#### ENTRIES SHOWN:
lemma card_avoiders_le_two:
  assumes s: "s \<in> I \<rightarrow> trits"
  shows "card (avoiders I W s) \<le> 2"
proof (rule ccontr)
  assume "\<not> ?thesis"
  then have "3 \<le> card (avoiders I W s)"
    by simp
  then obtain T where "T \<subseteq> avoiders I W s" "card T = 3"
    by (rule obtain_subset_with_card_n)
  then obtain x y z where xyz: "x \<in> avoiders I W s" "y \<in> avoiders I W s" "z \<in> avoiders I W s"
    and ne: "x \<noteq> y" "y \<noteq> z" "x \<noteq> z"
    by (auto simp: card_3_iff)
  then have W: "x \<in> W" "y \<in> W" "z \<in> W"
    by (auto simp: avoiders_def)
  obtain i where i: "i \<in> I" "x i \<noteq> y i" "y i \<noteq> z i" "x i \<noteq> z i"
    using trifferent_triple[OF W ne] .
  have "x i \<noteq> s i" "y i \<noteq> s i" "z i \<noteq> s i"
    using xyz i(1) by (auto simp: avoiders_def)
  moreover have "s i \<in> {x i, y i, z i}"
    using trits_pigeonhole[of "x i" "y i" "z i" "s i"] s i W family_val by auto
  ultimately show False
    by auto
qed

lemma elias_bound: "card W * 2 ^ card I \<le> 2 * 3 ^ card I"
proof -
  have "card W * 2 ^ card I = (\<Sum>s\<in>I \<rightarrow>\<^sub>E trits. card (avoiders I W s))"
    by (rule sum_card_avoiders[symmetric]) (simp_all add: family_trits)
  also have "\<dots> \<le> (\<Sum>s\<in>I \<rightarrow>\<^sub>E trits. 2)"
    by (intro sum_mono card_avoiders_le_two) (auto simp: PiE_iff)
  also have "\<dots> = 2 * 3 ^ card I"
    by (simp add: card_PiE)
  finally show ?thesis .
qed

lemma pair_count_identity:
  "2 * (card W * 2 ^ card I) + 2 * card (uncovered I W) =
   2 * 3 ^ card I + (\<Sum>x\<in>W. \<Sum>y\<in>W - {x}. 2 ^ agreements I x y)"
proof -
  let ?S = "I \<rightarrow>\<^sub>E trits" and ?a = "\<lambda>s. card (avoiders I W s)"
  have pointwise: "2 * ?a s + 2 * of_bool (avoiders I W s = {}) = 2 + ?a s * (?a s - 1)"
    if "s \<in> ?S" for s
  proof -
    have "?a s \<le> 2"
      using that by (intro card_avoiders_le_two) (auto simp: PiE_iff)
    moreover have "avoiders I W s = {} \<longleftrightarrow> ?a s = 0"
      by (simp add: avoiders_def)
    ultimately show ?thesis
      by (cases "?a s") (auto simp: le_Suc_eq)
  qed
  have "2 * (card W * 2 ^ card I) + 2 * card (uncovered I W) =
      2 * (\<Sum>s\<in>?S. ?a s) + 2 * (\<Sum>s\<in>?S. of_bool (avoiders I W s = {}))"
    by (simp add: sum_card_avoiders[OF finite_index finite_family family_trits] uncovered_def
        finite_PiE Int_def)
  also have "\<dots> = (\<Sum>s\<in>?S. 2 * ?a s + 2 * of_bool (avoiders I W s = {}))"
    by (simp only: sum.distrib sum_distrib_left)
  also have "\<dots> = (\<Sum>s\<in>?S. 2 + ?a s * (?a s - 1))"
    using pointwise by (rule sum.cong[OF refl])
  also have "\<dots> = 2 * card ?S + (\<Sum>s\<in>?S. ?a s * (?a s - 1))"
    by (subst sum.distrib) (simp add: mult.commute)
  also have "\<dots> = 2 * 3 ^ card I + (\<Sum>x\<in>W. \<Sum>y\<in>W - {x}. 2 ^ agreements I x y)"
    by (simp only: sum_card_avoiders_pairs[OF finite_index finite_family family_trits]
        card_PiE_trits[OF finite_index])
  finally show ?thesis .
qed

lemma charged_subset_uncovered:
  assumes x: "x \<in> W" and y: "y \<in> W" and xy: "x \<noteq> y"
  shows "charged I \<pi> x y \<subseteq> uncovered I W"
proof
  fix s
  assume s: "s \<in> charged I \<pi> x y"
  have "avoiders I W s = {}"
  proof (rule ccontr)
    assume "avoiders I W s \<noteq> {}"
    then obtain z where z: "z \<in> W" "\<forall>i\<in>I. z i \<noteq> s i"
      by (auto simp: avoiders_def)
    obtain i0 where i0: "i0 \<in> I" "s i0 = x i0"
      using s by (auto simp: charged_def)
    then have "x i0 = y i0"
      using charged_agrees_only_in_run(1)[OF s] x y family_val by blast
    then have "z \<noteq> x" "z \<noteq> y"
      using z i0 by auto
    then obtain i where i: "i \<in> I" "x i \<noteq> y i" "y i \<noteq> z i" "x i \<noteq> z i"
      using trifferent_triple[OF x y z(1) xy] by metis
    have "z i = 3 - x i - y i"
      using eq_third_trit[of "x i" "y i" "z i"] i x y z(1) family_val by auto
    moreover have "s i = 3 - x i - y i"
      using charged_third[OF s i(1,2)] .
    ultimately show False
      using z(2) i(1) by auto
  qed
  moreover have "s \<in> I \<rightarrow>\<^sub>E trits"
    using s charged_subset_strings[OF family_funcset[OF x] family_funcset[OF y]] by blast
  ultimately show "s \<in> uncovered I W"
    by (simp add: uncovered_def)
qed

#### PROBLEM TO SOLVE:
In the listing above, locate the line with "I W s) \<le>" and the line with "I = (\<Sum>s\<in>I", then extract exactly those lines and every line between them, and nothing more.

#### ANSWER BOX:
  shows "card (avoiders I W s) \<le> 2"
proof (rule ccontr)
  assume "\<not> ?thesis"
  then have "3 \<le> card (avoiders I W s)"
    by simp
  then obtain T where "T \<subseteq> avoiders I W s" "card T = 3"
    by (rule obtain_subset_with_card_n)
  then obtain x y z where xyz: "x \<in> avoiders I W s" "y \<in> avoiders I W s" "z \<in> avoiders I W s"
    and ne: "x \<noteq> y" "y \<noteq> z" "x \<noteq> z"
    by (auto simp: card_3_iff)
  then have W: "x \<in> W" "y \<in> W" "z \<in> W"
    by (auto simp: avoiders_def)
  obtain i where i: "i \<in> I" "x i \<noteq> y i" "y i \<noteq> z i" "x i \<noteq> z i"
    using trifferent_triple[OF W ne] .
  have "x i \<noteq> s i" "y i \<noteq> s i" "z i \<noteq> s i"
    using xyz i(1) by (auto simp: avoiders_def)
  moreover have "s i \<in> {x i, y i, z i}"
    using trits_pigeonhole[of "x i" "y i" "z i" "s i"] s i W family_val by auto
  ultimately show False
    by auto
qed

lemma elias_bound: "card W * 2 ^ card I \<le> 2 * 3 ^ card I"
proof -
  have "card W * 2 ^ card I = (\<Sum>s\<in>I \<rightarrow>\<^sub>E trits. card (avoiders I W s))"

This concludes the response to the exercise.